The findings from Invermark are part of annual surveys undertaken using SNH guidelines.  These surveys were conducted by Taylor Wildlife, an ecological consultancy specialising in upland environments.

Richard Cooke, manager of Invermark Estate, said: “The survey is an extremely helpful way for us to monitor the biodiversity of the estate and which species are benefitting the most from our habitat management practices. Throughout the year we carry out rotational muirburn and control predation under the general licence, including foxes, stoats and other mustelids in particular.  This is to the benefit of many ground nesting birds and is reflected in the rich birdlife recorded by the annual audit.

The Tayside Moorland Group has also carried out species monitoring at a number of estates throughout the region with Glenturret Estate in Perthshire recording no less than 12 different raptor species hunting and nesting on the moorland this year. The estate tally included several breeding pairs of hen harriers, a nesting pair of peregrine fledging four chicks, short eared owls and numerous red kites.

Conservation training, conscientious moorland management and favourable weather conditions can all impact positively upon species numbers found on Scottish moorland.

Figures revealed in Wildlife Estates Scotland’s latest annual report show that 11 accredited estates reported the presence of golden eagles, with seven of these reporting 19 pairs. Eleven estates also recorded sightings of hen harriers with four reporting 18 breeding pairs. Buzzards were also reported on 20 estates, with a total estimated population of over 920 birds.

It was also recently revealed in a national survey that golden eagle numbers have surpassed 500 pairs giving them a ‘favourable conservation status’ in the UK. Eagles have made a home on several moorland estates across Scotland with Millden Estate, a member of the Angus Glens Moorland Group, recording a particularly high number of sightings.

Jason Clamp, head gamekeeper on Millden Estate, commented: “We are fortunate enough at Millden to have regular sightings of golden eagles. Seeing several of these magnificent birds on a daily basis has to be one of the highlights of my job. We are also very careful to leave a sustainable population of mountain hares for birds of prey, such as golden eagles, to hunt.

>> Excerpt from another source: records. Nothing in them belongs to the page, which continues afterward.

lemma exists_rainbow_classes:
  "\<exists>\<pi>. \<forall>i\<in>classes. \<forall>e\<in>F i 1 \<union> F i 2. bij_betw (\<pi> i) e {..<w}"
proof -
  have "\<forall>i\<in>classes. \<exists>\<pi>. \<forall>e\<in>F i 1 \<union> F i 2. bij_betw \<pi> e {..<w}"
  proof
    fix i assume "i \<in> classes"
    have edges: "e \<subseteq> {0..<n} \<and> card e = w" if "e \<in> F i 1 \<union> F i 2" for e
      using class_edge \<open>i \<in> classes\<close> that by blast
    have "\<exists>\<pi>. \<forall>e\<in>F i 1 \<union> F i 2. inj_on \<pi> e \<and> \<pi> ` e \<subseteq> {..<w}"
    proof (rule exists_rainbow_coloring_two_matchings)
      show "disjoint (F i 1)" "disjoint (F i 2)" using disjoint_class \<open>i \<in> classes\<close> by simp_all
      show "finite g \<and> card g \<le> w" if "g \<in> F i 1 \<union> F i 2" for g
        using edges[OF that] finite_subset by auto
      show "finite (\<Union>(F i 1 \<union> F i 2))"
        using edges by (meson Sup_le_iff finite_atLeastLessThan finite_subset)
    qed (rule w_pos)
    then obtain \<pi> where \<pi>: "\<And>e. e \<in> F i 1 \<union> F i 2 \<Longrightarrow> inj_on \<pi> e \<and> \<pi> ` e \<subseteq> {..<w}"
      by blast
    have "bij_betw \<pi> e {..<w}" if "e \<in> F i 1 \<union> F i 2" for e
    proof -
      have "card (\<pi> ` e) = card {..<w}" using \<pi>[OF that] edges[OF that] by (simp add: card_image)
      then show ?thesis using \<pi>[OF that] by (simp add: bij_betw_def card_subset_eq)
    qed
    then show "\<exists>\<pi>. \<forall>e\<in>F i 1 \<union> F i 2. bij_betw \<pi> e {..<w}" by blast
  qed
  then show ?thesis by (rule bchoice)
qed

end

locale rainbow_good_2_coloring = good_2_coloring +
  fixes \<pi> :: "nat \<Rightarrow> nat \<Rightarrow> nat"
  assumes rainbow: "i \<in> classes \<Longrightarrow> e \<in> F i 1 \<union> F i 2 \<Longrightarrow> bij_betw (\<pi> i) e {..<w}"
begin

definition patterns :: "(nat \<Rightarrow> nat) set" where
  "patterns = {..<w} \<rightarrow>\<^sub>E {1, 2}"

(* Edges of the second colour class carry the complementary pattern 3 - k, so two edges of a class
   that meet get different symbols at their common point. *)
definition edge_word :: "nat \<Rightarrow> (nat \<Rightarrow> nat) \<Rightarrow> nat set \<Rightarrow> nat \<Rightarrow> nat" where
  "edge_word i k e p = (if p \<notin> e then 0 else if e \<in> F i 2 then 3 - k (\<pi> i p) else k (\<pi> i p))"

definition code :: "nat \<Rightarrow> (nat \<Rightarrow> nat) \<Rightarrow> (nat \<Rightarrow> nat) set" where
  "code i k = edge_word i k ` (F i 1 \<union> F i 2)"

definition codes :: "(nat \<Rightarrow> nat) set set" where
  "codes = (\<lambda>(i, k). code i k) ` (classes \<times> patterns)"

lemma pattern_value: "k \<in> patterns \<Longrightarrow> c < w \<Longrightarrow> k c \<in> {1, 2}"
  unfolding patterns_def by auto

lemma edge_word_value:
  assumes "i \<in> classes" "e \<in> F i 1 \<union> F i 2" "k \<in> patterns" "p \<in> e"
  shows "edge_word i k e p \<in> {1, 2}"
proof -
  have "\<pi> i p < w" using rainbow[OF assms(1,2)] assms(4) by (auto simp: bij_betw_def)
  then have "k (\<pi> i p) \<in> {1, 2}" by (rule pattern_value[OF assms(3)])
  then show ?thesis using assms(4) by (auto simp: edge_word_def)
qed

lemma edge_word_outside: "p \<notin> e \<Longrightarrow> edge_word i k e p = 0"
  by (simp add: edge_word_def)

lemma support_edge_word:
  assumes "i \<in> classes" "e \<in> F i 1 \<union> F i 2" "k \<in> patterns"
  shows "{p. p < n \<and> edge_word i k e p \<noteq> 0} = e"
  using edge_word_value[OF assms] class_union_edge[OF assms(1,2)] by (force simp: edge_word_def)

lemma edge_word_in_Hq:
  assumes "i \<in> classes" "e \<in> F i 1 \<union> F i 2" "k \<in> patterns"
  shows "edge_word i k e \<in> Hq 3 n w"
  using edge_word_value[OF assms] class_union_edge[OF assms(1,2)] support_edge_word[OF assms]
  unfolding Hq_def by (force simp: edge_word_def)

lemma edge_word_inj:
  assumes "i \<in> classes" "e \<in> F i 1 \<union> F i 2" "k \<in> patterns"
    and "i' \<in> classes" "e' \<in> F i' 1 \<union> F i' 2" "k' \<in> patterns"
    and eq: "edge_word i k e = edge_word i' k' e'"
  shows "i = i' \<and> e = e' \<and> k = k'"
proof -
  have "e = e'"
    using support_edge_word[OF assms(1-3)] support_edge_word[OF assms(4-6)] eq by simp
  moreover have "i = i'"
    using class_unique[OF assms(1,4)] assms(2,5) \<open>e = e'\<close> by blast
  moreover have "k = k'"
  proof (rule PiE_ext)
    show "k \<in> {..<w} \<rightarrow>\<^sub>E {1, 2}" "k' \<in> {..<w} \<rightarrow>\<^sub>E {1, 2}"
      using assms(3,6) unfolding patterns_def by simp_all
    fix c assume "c \<in> {..<w}"
    then have "c \<in> \<pi> i ` e" using rainbow[OF assms(1,2)] by (simp add: bij_betw_imp_surj_on)
    then obtain p where "p \<in> e" "\<pi> i p = c" by blast
    moreover have "edge_word i k e p = edge_word i k' e p"
      using eq \<open>e = e'\<close> \<open>i = i'\<close> by simp
    moreover have "k c \<in> {1, 2}" "k' c \<in> {1, 2}"
      using pattern_value assms(3,6) \<open>c \<in> {..<w}\<close> by auto
    ultimately show "k c = k' c" by (auto simp: edge_word_def split: if_splits)
  qed
  ultimately show ?thesis by blast
qed

lemma meeting_edges_flip:
  assumes "i \<in> classes" "e \<in> F i 1 \<union> F i 2" "e' \<in> F i 1 \<union> F i 2" "e \<noteq> e'" "p \<in> e" "p \<in> e'"
  shows "e \<in> F i 2 \<longleftrightarrow> e' \<notin> F i 2"
proof -
  have "e \<notin> F i j \<or> e' \<notin> F i j" if "j \<in> {1, 2}" for j
    using disjoint_member_unique[OF disjoint_class[OF assms(1) that]] assms(4-6) by blast
  moreover have "F i 1 \<inter> F i 2 = {}" using coloring_disjoint[of i 1 i 2] assms(1) by simp
  ultimately show ?thesis using assms(2,3) by blast
qed

lemma hamming_edge_words:
  assumes "i \<in> classes" "e \<in> F i 1 \<union> F i 2" "e' \<in> F i 1 \<union> F i 2" "e \<noteq> e'" "k \<in> patterns"
  shows "2 * w - 1 \<le> hamming n (edge_word i k e) (edge_word i k e')"
proof -
  have differ: "edge_word i k e p \<noteq> edge_word i k e' p" if "p \<in> e \<union> e'" for p
  proof (cases "p \<in> e \<inter> e'")
    case True
    then have "k (\<pi> i p) \<in> {1, 2}"
      using rainbow[OF assms(1,2)] pattern_value[OF assms(5)] by (auto simp: bij_betw_def)
    then show ?thesis
      using meeting_edges_flip[OF assms(1-4)] True by (auto simp: edge_word_def)
  next
    case False
    then show ?thesis
      using that edge_word_value[OF assms(1,2,5)] edge_word_value[OF assms(1,3,5)] edge_word_outside
      by fastforce
  qed
  have fin: "finite e" "finite e'" and card: "card e = w" "card e' = w" and "e \<subseteq> {0..<n}" "e' \<subseteq> {0..<n}"
    using class_union_edge[OF assms(1,2)] class_union_edge[OF assms(1,3)] finite_subset by auto
  have "card (e \<inter> e') \<le> 1"
    using packing_card_Int_le_1[OF coloring_packing[OF assms(1)]] finite_class assms(1-4) \<open>e \<subseteq> {0..<n}\<close>
    by blast
  then have "2 * w - 1 \<le> card (e \<union> e')" using card_Un_Int[OF fin] card by linarith
  also have "\<dots> \<le> hamming n (edge_word i k e) (edge_word i k e')"
    unfolding hamming_def using differ \<open>e \<subseteq> {0..<n}\<close> \<open>e' \<subseteq> {0..<n}\<close> by (intro card_mono) auto
  finally show ?thesis .
qed

lemma card_code:
  assumes "i \<in> classes" "k \<in> patterns"
  shows "card (code i k) = 2 * (n div w)"
proof -
  have "inj_on (edge_word i k) (F i 1 \<union> F i 2)"
    using edge_word_inj assms by (intro inj_onI) blast
  then have "card (code i k) = card (F i 1 \<union> F i 2)"
    unfolding code_def by (rule card_image)
  also have "\<dots> = card (F i 1) + card (F i 2)"
    using finite_class coloring_disjoint[of i 1 i 2] assms(1) by (intro card_Un_disjoint) auto
  also have "\<dots> = 2 * (n div w)"
    using coloring_class[of i 1] coloring_class[of i 2] assms(1) by simp
  finally show ?thesis .
qed

lemma code_is_code:
  assumes "i \<in> classes" "k \<in> patterns"
  shows "is_code 3 n (2 * w - 1) w (code i k)"
  unfolding is_code_def
proof (intro conjI ballI impI)
  have "0 < n div w" using w_pos w_le_n by (simp add: div_greater_zero_iff)
  then show "code i k \<noteq> {}" using card_code[OF assms] by fastforce
  show "code i k \<subseteq> Hq 3 n w"
    using edge_word_in_Hq assms unfolding code_def by blast
  fix x y assume "x \<in> code i k" "y \<in> code i k" "x \<noteq> y"
  then show "2 * w - 1 \<le> hamming n x y"
    using hamming_edge_words assms unfolding code_def by blast
qed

At Millden our team of gamekeepers has taken a proactive role in ensuring that we have a suitable breeding habitat for various birds of prey such the merlin, of which we currently have four nesting pairs. This has been brought about through controlled heather burning ‘muirburn’, which creates micro habitats suited to ground-nesting birds like the merlin.

We are delighted that the golden eagle, a species of conservation concern, amongst many other species, has found a safe and suitable environment in which to flourish in such impressive numbers, where careful moorland management has been imperative.”

ENDS

Wow! Where to start with this? It’s such ludicrously far-fetched bollocks it could have come straight from the mouths of gamekeepers and grouse moor managers. Oh, hang on…

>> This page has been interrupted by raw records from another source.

lemma vn_entropy_cq:
  fixes c :: "'j \<Rightarrow> real" and \<phi> :: "'j \<Rightarrow> 'w \<Rightarrow> complex" and h :: "'j \<times> 'w \<Rightarrow> 'i"
  assumes h: "bij_betw h (J \<times> W) I" and fin: "finite J" "finite W" "W \<noteq> {}"
    and unit: "\<forall>j\<in>J. (\<Sum>w\<in>W. (cmod (\<phi> j w))\<^sup>2) = 1"
    and rho: "\<forall>p\<in>J \<times> W. \<forall>q\<in>J \<times> W. rho (h p) (h q) =
      (if fst p = fst q then of_real (c (fst p)) * \<phi> (fst p) (snd p) * cnj (\<phi> (fst p) (snd q)) else 0)"
  shows "vn_entropy base I rho = - (\<Sum>j\<in>J. ent_term base (c j))"
proof -
  obtain w0 where w0: "w0 \<in> W"
    using fin(3) by blast
  have "\<forall>j\<in>J. \<exists>f. orthonormal_basis W f \<and> (\<forall>w\<in>W. f w0 w = \<phi> j w)"
    using orthonormal_basis_extend[OF fin(2) w0] unit by blast
  then obtain F where F: "\<forall>j\<in>J. orthonormal_basis W (F j) \<and> (\<forall>w\<in>W. F j w0 w = \<phi> j w)"
    by (rule bchoice[THEN exE])
  define lam where "lam p = (if snd p = w0 then c (fst p) else 0)" for p
  have "spectral_decomp (J \<times> W)
     (\<lambda>p q. if fst p = fst q then of_real (c (fst p)) * F (fst p) w0 (snd p) * cnj (F (fst p) w0 (snd q)) else 0)
     (\<lambda>p q. if fst p = fst q then F (fst p) (snd p) (snd q) else 0) lam"
    unfolding lam_def by (rule spectral_decomp_cq[OF fin(1,2) w0]) (use F in blast)
  then have "spectral_decomp I rho
      (\<lambda>i x. if fst (inv_into (J \<times> W) h i) = fst (inv_into (J \<times> W) h x)
        then F (fst (inv_into (J \<times> W) h i)) (snd (inv_into (J \<times> W) h i)) (snd (inv_into (J \<times> W) h x)) else 0)
      (\<lambda>i. lam (inv_into (J \<times> W) h i))"
  proof (rule spectral_decomp_reindex[OF h], intro ballI)
    fix p q assume pq: "p \<in> J \<times> W" "q \<in> J \<times> W"
    then have "rho (h p) (h q) =
      (if fst p = fst q then of_real (c (fst p)) * \<phi> (fst p) (snd p) * cnj (\<phi> (fst p) (snd q)) else 0)"
      using rho by blast
    moreover have "\<phi> (fst p) (snd p) = F (fst p) w0 (snd p)" "\<phi> (fst p) (snd q) = F (fst p) w0 (snd q)"
      using F pq by (auto simp: mem_Times_iff)
    ultimately show "rho (h p) (h q) =
      (if fst p = fst q then of_real (c (fst p)) * F (fst p) w0 (snd p) * cnj (F (fst p) w0 (snd q)) else 0)"
      by (simp only:)
  qed
  then have "vn_entropy base I rho = - (\<Sum>i\<in>I. ent_term base (lam (inv_into (J \<times> W) h i)))"
    by (rule vn_entropy_eqI) (use bij_betw_finite[OF h] fin in auto)
  also have "(\<Sum>i\<in>I. ent_term base (lam (inv_into (J \<times> W) h i))) = (\<Sum>p\<in>J \<times> W. ent_term base (lam p))"
    by (rule sum.reindex_bij_betw[OF bij_betw_inv_into[OF h]])
  also have "\<dots> = (\<Sum>j\<in>J. \<Sum>w\<in>W. if w = w0 then ent_term base (c j) else 0)"
    unfolding lam_def sum.cartesian_product by (intro sum.cong refl) (auto simp: ent_term_def)
  also have "\<dots> = (\<Sum>j\<in>J. ent_term base (c j))"
    using fin(2) w0 by simp
  finally show ?thesis .
qed

section \<open>Partial traces of the measurement chain\<close>

definition step_pair :: "(nat \<Rightarrow> nat \<Rightarrow> nat \<Rightarrow> complex) \<Rightarrow> nat \<Rightarrow> (nat \<Rightarrow> nat) \<Rightarrow> (nat \<Rightarrow> nat) \<Rightarrow> complex" where
  "step_pair U i x y = U i (x (i - 1)) (x i) * cnj (U i (y (i - 1)) (y i))"

lemma unitary_mat_rows:
  assumes "unitary_mat d M" "a < d" "b < d"
  shows "(\<Sum>c<d. M a c * cnj (M b c)) = (if a = b then 1 else 0)"
  using assms unfolding unitary_mat_def by blast

lemma unitary_mat_cols:
  assumes "unitary_mat d M" "a < d" "b < d"
  shows "(\<Sum>c<d. M c a * cnj (M c b)) = (if a = b then 1 else 0)"
proof -
  have "(\<Sum>c<d. cnj (M c a) * M c b) = (if a = b then 1 else 0)"
    using assms unfolding unitary_mat_def by blast
  then have "cnj (\<Sum>c<d. cnj (M c a) * M c b) = (if a = b then 1 else 0)"
    by simp
  then show ?thesis
    by (simp add: mult.commute)
qed

lemma prod_step_pair_cong:
  assumes "\<And>j. j \<in> {lo..hi} \<Longrightarrow> x j = x' j \<and> y j = y' j"
  shows "(\<Prod>i\<in>{lo+1..hi}. step_pair U i x y) = (\<Prod>i\<in>{lo+1..hi}. step_pair U i x' y')"
proof (rule prod.cong[OF refl])
  fix i assume "i \<in> {lo+1..hi}"
  then have "i - 1 \<in> {lo..hi}" "i \<in> {lo..hi}"
    by auto
  then show "step_pair U i x y = step_pair U i x' y'"
    unfolding step_pair_def using assms by simp
qed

Perhaps the idiots behind the Gift of Grouse campaign didn’t see the results of the latest national golden eagle survey, published just a few short weeks ago. You know, the survey that showed breeding golden eagles are still largely absent from driven grouse moors in the Eastern Highlands, just as they were in the last national survey conducted in 2003. Only 30% of known territories were occupied in this area – that’s a pathetic 34 out of 91 territories.

Perhaps the idiots behind the Gift of Grouse campaign didn’t see the results of the recent study on northern red kites, showing that illegal persecution on driven grouse moors in this region is just as bad now as it was in 1989.

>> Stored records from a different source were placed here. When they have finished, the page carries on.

lemma pair_cost_le:
  assumes "finite V" and v: "v \<in> Nplus V E \<pi> u"
  defines "K \<equiv> floorlog 2 (sigma_max V E)"
  shows "1 + card (Nplus V E \<pi> u) +
      (\<Sum>w \<in> {w \<in> Nplus V E \<pi> u. adj E v w}.
         snd (proc_i d (Elist E u v) (Elist E u w) (Elist E v w)) +
         snd (proc_ii d (Elist E v u) (Elist E v w) (Elist E u w)))
    \<le> (\<Sum>w \<in> Nplus V E \<pi> u. (K + 9) * (sigma E u v + sigma E u w))"
proof -
  let ?N = "Nplus V E \<pi> u"
  let ?s = "\<lambda>w. sigma E u v + sigma E u w"
  let ?h = "\<lambda>w. snd (proc_i d (Elist E u v) (Elist E u w) (Elist E v w)) +
    snd (proc_ii d (Elist E v u) (Elist E v w) (Elist E u w))"
  have fin: "finite ?N"
    using assms(1) unfolding Nplus_def by auto
  have uv: "u \<noteq> v" "1 \<le> sigma E u v" "v \<in> V"
    using v unfolding Nplus_def adj_def by auto
  have "1 + card ?N \<le> (\<Sum>w\<in>?N. 2)"
    using fin v by (auto simp: Suc_le_eq card_gt_0_iff)
  also have "\<dots> \<le> (\<Sum>w\<in>?N. 2 * ?s w)"
    using uv by (intro sum_mono) auto
  finally have adjacency_tests: "1 + card ?N \<le> (\<Sum>w\<in>?N. 2 * ?s w)" .
  have "(\<Sum>w \<in> {w \<in> ?N. adj E v w}. ?h w) \<le> (\<Sum>w \<in> {w \<in> ?N. adj E v w}. (K + 7) * ?s w)"
  proof (intro sum_mono triangle_cost_le)
    fix w assume "w \<in> {w \<in> ?N. adj E v w}"
    then have "u \<noteq> w" "w \<in> V" "v \<noteq> w"
      unfolding Nplus_def adj_def by auto
    then show "u \<noteq> w" "length (Elist E v w) < 2 ^ K"
      using length_Elist_less_two_power[OF assms(1) uv(3)] unfolding K_def by auto
  qed (use uv in auto)
  also have "\<dots> \<le> (\<Sum>w\<in>?N. (K + 7) * ?s w)"
    using fin by (intro sum_mono2) auto
  finally have "1 + card ?N + (\<Sum>w \<in> {w \<in> ?N. adj E v w}. ?h w)
      \<le> (\<Sum>w\<in>?N. 2 * ?s w) + (\<Sum>w\<in>?N. (K + 7) * ?s w)"
    using adjacency_tests by linarith
  also have "\<dots> = (\<Sum>w\<in>?N. (K + 9) * ?s w)"
    by (simp flip: sum.distrib add: algebra_simps)
  finally show ?thesis .
qed

lemma outneighbours_cost_le:
  assumes "temporal_network V E" "degeneracy_ordering V E \<pi>"
  shows "outneighbours_cost V E \<pi> d
    \<le> 2 * (floorlog 2 (sigma_max V E) + 9) * degeneracy V E * size E"
proof -
  define K where "K = floorlog 2 (sigma_max V E)"
  define N where "N = Nplus V E \<pi>"
  have finV: "finite V"
    using assms(1) unfolding temporal_network_def by simp
  have finN: "finite (N u)" and cardN: "u \<in> V \<Longrightarrow> card (N u) \<le> degeneracy V E" for u
    using finV assms(2) unfolding N_def Nplus_def degeneracy_ordering_def by auto
  have pairs: "{(u, v). u \<in> V \<and> v \<in> V \<and> adj E u v \<and> \<pi> u < \<pi> v} = Sigma V N"
    unfolding N_def Nplus_def by auto
  have "(\<Sum>u\<in>V. \<Sum>v\<in>N u. sigma E u v) = (\<Sum>(u, v)\<in>Sigma V N. sigma E u v)"
    using finV finN by (simp add: sum.Sigma)
  also have "\<dots> \<le> size E"
    using finV finN by (intro sum_sigma_le_size) (auto simp: N_def Nplus_def)
  finally have oriented_sigma: "(\<Sum>u\<in>V. \<Sum>v\<in>N u. sigma E u v) \<le> size E" .
  have "outneighbours_cost V E \<pi> d = (\<Sum>u\<in>V. \<Sum>v\<in>N u. 1 + card (N u) +
      (\<Sum>w \<in> {w \<in> N u. adj E v w}.
         snd (proc_i d (Elist E u v) (Elist E u w) (Elist E v w)) +
         snd (proc_ii d (Elist E v u) (Elist E v w) (Elist E u w))))"
    unfolding outneighbours_cost_def pairs using finV finN by (simp add: sum.Sigma N_def)
  also have "\<dots> \<le> (\<Sum>u\<in>V. \<Sum>v\<in>N u. \<Sum>w\<in>N u. (K + 9) * (sigma E u v + sigma E u w))"
    unfolding N_def K_def using pair_cost_le[OF finV] by (intro sum_mono) blast
  also have "\<dots> = (K + 9) * (\<Sum>u\<in>V. \<Sum>v\<in>N u. \<Sum>w\<in>N u. sigma E u v + sigma E u w)"
    by (simp add: sum_distrib_left)
  also have "\<dots> \<le> (K + 9) * (2 * degeneracy V E * (\<Sum>u\<in>V. \<Sum>v\<in>N u. sigma E u v))"
    using cardN by (intro mult_left_mono sum_sum_pairs_le) auto
  also have "\<dots> \<le> (K + 9) * (2 * degeneracy V E * size E)"
    using oriented_sigma by (intro mult_left_mono) auto
  finally show ?thesis
    unfolding K_def by (simp add: algebra_simps)
qed

theorem theorem3p3:
  shows "\<exists>C::real. \<forall>V E \<pi> (\<delta>::real).
           temporal_network V E \<and> 0 \<le> \<delta> \<and> degeneracy_ordering V E \<pi> \<longrightarrow>
           real (outneighbours_cost V E \<pi> \<delta>)
             \<le> C * real (size E) * real (degeneracy V E) * max 1 (log 2 (real (sigma_max V E)))"
proof (intro exI allI impI)
  fix V E \<pi> and \<delta> :: real
  assume "temporal_network V E \<and> 0 \<le> \<delta> \<and> degeneracy_ordering V E \<pi>"
  then have nat_cost: "outneighbours_cost V E \<pi> \<delta>
      \<le> 2 * (floorlog 2 (sigma_max V E) + 9) * degeneracy V E * size E"
    by (intro outneighbours_cost_le) auto
  have cost: "real (outneighbours_cost V E \<pi> \<delta>)
      \<le> 2 * (real (floorlog 2 (sigma_max V E)) + 9) * real (degeneracy V E) * real (size E)"
    using of_nat_mono[where 'a = real, OF nat_cost] by simp
  let ?l = "max 1 (log 2 (real (sigma_max V E)))"
  have "2 * (real (floorlog 2 (sigma_max V E)) + 9) \<le> 22 * ?l"
    using floorlog_le_max_log[of "sigma_max V E"] max.cobounded1[of 1 "log 2 (sigma_max V E)"]
    by argo
  then have "2 * (real (floorlog 2 (sigma_max V E)) + 9) * real (degeneracy V E) * real (size E)
      \<le> 22 * ?l * real (degeneracy V E) * real (size E)"
    by (intro mult_right_mono) auto
  with cost show "real (outneighbours_cost V E \<pi> \<delta>)
      \<le> 22 * real (size E) * real (degeneracy V E) * ?l"
    by (simp add: algebra_simps)
qed

end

Perhaps the idiots behind the Gift of Grouse campaign didn’t read the recent scientific paper showing hen harriers have suffered a ‘catastrophic decline’ on the driven grouse moors of NE Scotland.

Perhaps the idiots behind the Gift of Grouse campaign didn’t read the scientific paper showing peregrines continue to suffer a ‘long-term decline’ on the driven grouse moors of NE Scotland.

It’s all very well saying that raptors have been ‘sighted’ on grouse moors – of course they’ve been seen there – they are drawn to those areas precisely because of the absence of territorial breeding adults (as well as an abundant food supply). Nobody disputes that you can see raptors over these moors – the crucial distinction, which the Gift of Grouse idiots have carefully avoided, is how many raptors are breeding there? Remember, no breeding hen harriers in the Angus Glens for ten years!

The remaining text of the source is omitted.